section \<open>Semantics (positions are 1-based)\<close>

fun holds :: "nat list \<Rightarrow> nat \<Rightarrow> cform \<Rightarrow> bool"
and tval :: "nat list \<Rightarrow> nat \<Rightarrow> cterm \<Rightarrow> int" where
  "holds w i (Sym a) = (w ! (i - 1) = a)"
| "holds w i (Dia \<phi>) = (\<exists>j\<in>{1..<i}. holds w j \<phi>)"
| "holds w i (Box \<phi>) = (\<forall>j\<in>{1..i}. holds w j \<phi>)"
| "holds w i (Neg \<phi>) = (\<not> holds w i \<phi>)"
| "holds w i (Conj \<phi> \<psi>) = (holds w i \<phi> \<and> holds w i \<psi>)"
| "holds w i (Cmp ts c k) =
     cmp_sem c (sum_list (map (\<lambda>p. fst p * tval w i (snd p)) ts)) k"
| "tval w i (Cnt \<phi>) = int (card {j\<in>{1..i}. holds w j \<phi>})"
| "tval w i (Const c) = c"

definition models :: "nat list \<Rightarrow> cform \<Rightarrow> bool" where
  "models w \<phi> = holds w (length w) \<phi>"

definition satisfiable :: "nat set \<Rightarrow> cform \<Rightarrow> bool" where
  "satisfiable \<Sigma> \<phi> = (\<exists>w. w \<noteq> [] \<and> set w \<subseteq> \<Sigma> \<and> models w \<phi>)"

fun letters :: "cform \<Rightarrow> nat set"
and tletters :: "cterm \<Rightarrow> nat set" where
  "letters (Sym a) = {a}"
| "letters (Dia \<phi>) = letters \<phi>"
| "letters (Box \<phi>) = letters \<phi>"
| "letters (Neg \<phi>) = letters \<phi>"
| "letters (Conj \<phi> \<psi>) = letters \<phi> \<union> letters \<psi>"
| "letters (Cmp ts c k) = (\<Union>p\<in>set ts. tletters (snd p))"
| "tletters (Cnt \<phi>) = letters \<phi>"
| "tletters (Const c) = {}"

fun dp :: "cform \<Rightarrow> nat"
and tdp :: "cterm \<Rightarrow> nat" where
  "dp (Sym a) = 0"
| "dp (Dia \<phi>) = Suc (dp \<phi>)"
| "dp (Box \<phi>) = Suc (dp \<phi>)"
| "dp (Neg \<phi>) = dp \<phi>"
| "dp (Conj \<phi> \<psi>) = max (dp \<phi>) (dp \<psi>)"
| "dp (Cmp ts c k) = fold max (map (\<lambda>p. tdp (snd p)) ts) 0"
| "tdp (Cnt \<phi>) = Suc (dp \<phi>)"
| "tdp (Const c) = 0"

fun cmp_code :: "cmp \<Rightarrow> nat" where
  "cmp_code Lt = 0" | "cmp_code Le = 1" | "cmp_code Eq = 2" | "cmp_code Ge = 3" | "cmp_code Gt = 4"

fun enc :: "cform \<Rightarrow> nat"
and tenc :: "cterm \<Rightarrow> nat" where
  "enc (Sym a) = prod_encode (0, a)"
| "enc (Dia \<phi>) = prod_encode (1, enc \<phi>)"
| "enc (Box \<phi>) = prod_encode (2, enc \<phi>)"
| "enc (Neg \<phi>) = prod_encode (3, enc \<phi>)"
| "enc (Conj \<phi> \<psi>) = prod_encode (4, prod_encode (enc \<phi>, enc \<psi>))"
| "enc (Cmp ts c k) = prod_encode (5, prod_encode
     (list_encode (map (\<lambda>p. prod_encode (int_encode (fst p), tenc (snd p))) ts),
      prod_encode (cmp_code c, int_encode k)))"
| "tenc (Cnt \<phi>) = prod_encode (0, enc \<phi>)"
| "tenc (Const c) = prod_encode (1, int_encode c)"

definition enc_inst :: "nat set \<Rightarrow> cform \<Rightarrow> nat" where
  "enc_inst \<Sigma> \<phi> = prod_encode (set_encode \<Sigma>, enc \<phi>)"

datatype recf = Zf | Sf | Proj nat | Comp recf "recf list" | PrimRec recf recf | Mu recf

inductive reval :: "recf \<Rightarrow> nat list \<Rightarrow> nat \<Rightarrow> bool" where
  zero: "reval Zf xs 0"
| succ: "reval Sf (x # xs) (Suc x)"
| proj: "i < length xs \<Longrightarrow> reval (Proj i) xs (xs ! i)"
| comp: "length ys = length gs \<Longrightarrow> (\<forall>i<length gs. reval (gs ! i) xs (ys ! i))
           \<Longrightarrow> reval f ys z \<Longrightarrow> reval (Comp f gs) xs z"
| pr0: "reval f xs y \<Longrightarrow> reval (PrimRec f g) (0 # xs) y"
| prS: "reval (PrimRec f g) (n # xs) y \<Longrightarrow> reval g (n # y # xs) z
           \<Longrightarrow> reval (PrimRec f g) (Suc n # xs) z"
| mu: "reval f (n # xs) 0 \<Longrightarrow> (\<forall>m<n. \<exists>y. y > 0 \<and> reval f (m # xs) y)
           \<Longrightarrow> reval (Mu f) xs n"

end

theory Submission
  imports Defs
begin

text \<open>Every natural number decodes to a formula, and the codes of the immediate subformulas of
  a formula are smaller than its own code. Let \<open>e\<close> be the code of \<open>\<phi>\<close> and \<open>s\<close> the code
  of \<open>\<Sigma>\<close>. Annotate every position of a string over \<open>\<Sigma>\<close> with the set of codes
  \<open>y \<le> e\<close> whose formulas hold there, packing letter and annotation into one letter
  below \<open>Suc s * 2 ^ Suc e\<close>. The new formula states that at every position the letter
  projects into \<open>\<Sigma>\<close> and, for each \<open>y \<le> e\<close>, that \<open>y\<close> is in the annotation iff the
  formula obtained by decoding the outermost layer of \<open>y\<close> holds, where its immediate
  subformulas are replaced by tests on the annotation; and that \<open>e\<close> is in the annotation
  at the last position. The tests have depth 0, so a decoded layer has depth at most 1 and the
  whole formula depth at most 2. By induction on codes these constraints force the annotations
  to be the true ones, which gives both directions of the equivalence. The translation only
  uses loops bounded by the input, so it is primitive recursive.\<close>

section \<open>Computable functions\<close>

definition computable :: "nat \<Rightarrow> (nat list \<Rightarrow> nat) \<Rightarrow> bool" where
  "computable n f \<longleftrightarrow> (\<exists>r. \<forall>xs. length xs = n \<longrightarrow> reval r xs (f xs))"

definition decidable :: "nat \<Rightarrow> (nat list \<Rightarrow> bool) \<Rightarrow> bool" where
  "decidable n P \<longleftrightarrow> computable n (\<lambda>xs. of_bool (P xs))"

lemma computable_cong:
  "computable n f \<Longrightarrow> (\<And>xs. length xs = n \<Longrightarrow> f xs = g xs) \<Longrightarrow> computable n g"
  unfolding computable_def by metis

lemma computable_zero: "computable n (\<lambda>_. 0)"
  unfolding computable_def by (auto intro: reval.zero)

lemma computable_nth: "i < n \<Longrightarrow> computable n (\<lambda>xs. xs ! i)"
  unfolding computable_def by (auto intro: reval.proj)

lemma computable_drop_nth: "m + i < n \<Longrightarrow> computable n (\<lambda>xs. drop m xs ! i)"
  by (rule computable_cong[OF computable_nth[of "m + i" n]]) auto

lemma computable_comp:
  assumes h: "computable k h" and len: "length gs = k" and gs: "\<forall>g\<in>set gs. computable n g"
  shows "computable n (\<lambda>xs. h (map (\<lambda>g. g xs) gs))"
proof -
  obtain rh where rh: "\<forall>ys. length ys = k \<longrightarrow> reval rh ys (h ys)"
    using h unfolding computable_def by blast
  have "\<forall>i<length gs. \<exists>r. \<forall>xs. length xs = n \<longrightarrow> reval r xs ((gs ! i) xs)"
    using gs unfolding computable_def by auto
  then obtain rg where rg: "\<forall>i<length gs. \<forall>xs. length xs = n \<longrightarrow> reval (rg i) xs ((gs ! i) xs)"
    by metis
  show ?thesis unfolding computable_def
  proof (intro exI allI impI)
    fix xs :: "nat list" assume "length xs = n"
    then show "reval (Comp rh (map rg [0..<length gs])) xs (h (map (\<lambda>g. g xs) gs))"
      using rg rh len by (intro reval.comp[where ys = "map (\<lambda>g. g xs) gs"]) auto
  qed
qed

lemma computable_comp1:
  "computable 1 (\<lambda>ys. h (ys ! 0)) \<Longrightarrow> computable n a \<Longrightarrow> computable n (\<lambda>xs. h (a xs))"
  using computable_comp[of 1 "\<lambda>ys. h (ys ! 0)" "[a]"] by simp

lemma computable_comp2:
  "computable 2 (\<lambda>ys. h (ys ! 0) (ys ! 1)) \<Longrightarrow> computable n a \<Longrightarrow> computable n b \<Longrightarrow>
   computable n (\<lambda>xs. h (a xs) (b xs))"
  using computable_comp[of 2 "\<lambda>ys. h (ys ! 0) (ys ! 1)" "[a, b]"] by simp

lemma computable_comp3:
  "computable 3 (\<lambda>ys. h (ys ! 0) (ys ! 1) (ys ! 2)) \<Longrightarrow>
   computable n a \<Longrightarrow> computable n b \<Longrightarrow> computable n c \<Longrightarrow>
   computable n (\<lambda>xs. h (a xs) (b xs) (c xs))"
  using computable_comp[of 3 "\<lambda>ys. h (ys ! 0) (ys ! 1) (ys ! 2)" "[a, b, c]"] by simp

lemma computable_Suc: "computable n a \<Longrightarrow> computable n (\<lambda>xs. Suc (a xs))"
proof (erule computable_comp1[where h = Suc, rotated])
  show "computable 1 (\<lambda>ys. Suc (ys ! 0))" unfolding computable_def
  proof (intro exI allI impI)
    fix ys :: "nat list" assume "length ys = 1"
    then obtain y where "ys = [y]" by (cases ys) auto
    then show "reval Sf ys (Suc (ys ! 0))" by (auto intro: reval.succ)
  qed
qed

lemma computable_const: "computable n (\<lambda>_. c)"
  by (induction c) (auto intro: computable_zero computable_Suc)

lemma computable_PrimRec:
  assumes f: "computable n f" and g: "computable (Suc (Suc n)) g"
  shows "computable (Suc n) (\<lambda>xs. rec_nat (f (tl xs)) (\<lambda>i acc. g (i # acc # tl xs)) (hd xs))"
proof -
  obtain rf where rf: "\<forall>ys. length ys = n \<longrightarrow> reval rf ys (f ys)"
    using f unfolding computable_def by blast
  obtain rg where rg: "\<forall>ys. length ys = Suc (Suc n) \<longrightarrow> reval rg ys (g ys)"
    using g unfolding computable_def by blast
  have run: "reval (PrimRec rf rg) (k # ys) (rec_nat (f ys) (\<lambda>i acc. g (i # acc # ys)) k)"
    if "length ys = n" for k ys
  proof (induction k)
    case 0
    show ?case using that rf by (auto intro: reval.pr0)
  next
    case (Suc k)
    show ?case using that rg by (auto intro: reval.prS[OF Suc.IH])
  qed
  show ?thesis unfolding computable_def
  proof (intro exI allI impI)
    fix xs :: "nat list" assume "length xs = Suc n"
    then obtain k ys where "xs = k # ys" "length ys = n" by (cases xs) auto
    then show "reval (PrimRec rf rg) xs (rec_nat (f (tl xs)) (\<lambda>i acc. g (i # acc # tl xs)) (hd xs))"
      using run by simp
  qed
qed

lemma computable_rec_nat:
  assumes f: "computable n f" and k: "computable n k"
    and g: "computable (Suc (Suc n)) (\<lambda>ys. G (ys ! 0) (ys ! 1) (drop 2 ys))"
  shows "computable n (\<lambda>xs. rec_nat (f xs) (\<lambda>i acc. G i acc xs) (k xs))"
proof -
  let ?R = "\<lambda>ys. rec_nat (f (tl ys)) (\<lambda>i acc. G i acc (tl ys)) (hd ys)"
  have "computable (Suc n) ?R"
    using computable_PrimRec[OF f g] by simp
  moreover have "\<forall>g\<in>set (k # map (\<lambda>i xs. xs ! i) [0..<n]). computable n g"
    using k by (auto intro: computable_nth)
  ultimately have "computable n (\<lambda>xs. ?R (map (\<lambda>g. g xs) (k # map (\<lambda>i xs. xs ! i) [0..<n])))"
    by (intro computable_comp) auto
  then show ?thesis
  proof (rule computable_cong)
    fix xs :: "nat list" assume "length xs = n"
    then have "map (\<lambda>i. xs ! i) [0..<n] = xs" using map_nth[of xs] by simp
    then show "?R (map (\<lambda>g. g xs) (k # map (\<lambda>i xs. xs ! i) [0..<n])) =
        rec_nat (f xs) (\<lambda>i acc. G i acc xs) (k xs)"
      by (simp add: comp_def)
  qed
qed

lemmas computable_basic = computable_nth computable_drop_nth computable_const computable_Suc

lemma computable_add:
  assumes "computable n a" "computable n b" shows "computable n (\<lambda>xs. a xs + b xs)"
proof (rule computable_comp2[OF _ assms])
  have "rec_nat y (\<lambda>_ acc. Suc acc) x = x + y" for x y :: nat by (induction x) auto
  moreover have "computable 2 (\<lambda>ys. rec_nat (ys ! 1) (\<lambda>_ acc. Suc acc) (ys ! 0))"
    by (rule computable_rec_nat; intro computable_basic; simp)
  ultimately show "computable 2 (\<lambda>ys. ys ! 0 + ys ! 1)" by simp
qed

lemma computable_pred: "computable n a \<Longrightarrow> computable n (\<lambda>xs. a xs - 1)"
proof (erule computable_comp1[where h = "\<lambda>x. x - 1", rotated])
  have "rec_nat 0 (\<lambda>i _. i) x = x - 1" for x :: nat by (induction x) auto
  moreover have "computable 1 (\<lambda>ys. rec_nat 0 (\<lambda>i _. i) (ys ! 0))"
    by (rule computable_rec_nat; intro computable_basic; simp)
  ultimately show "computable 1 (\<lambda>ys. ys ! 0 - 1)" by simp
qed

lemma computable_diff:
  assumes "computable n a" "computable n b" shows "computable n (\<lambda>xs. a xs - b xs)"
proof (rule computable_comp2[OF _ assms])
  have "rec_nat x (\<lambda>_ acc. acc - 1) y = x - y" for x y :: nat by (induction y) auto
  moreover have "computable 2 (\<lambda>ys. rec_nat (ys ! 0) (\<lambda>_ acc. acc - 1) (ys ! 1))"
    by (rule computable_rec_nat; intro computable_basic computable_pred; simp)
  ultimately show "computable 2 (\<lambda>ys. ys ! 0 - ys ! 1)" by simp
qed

------------------------------------------------------------

Task to complete:
Please show every line of the records that holds the word "open".

Completed exercise:
section \<open>Semantics (positions are 1-based)\<close>
text \<open>Every natural number decodes to a formula, and the codes of the immediate subformulas of
  a formula are smaller than its own code. Let \<open>e\<close> be the code of \<open>\<phi>\<close> and \<open>s\<close> the code
  of \<open>\<Sigma>\<close>. Annotate every position of a string over \<open>\<Sigma>\<close> with the set of codes
  \<open>y \<le> e\<close> whose formulas hold there, packing letter and annotation into one letter
  below \<open>Suc s * 2 ^ Suc e\<close>. The new formula states that at every position the letter
  projects into \<open>\<Sigma>\<close> and, for each \<open>y \<le> e\<close>, that \<open>y\<close> is in the annotation iff the
  formula obtained by decoding the outermost layer of \<open>y\<close> holds, where its immediate
  subformulas are replaced by tests on the annotation; and that \<open>e\<close> is in the annotation
section \<open>Computable functions\<close>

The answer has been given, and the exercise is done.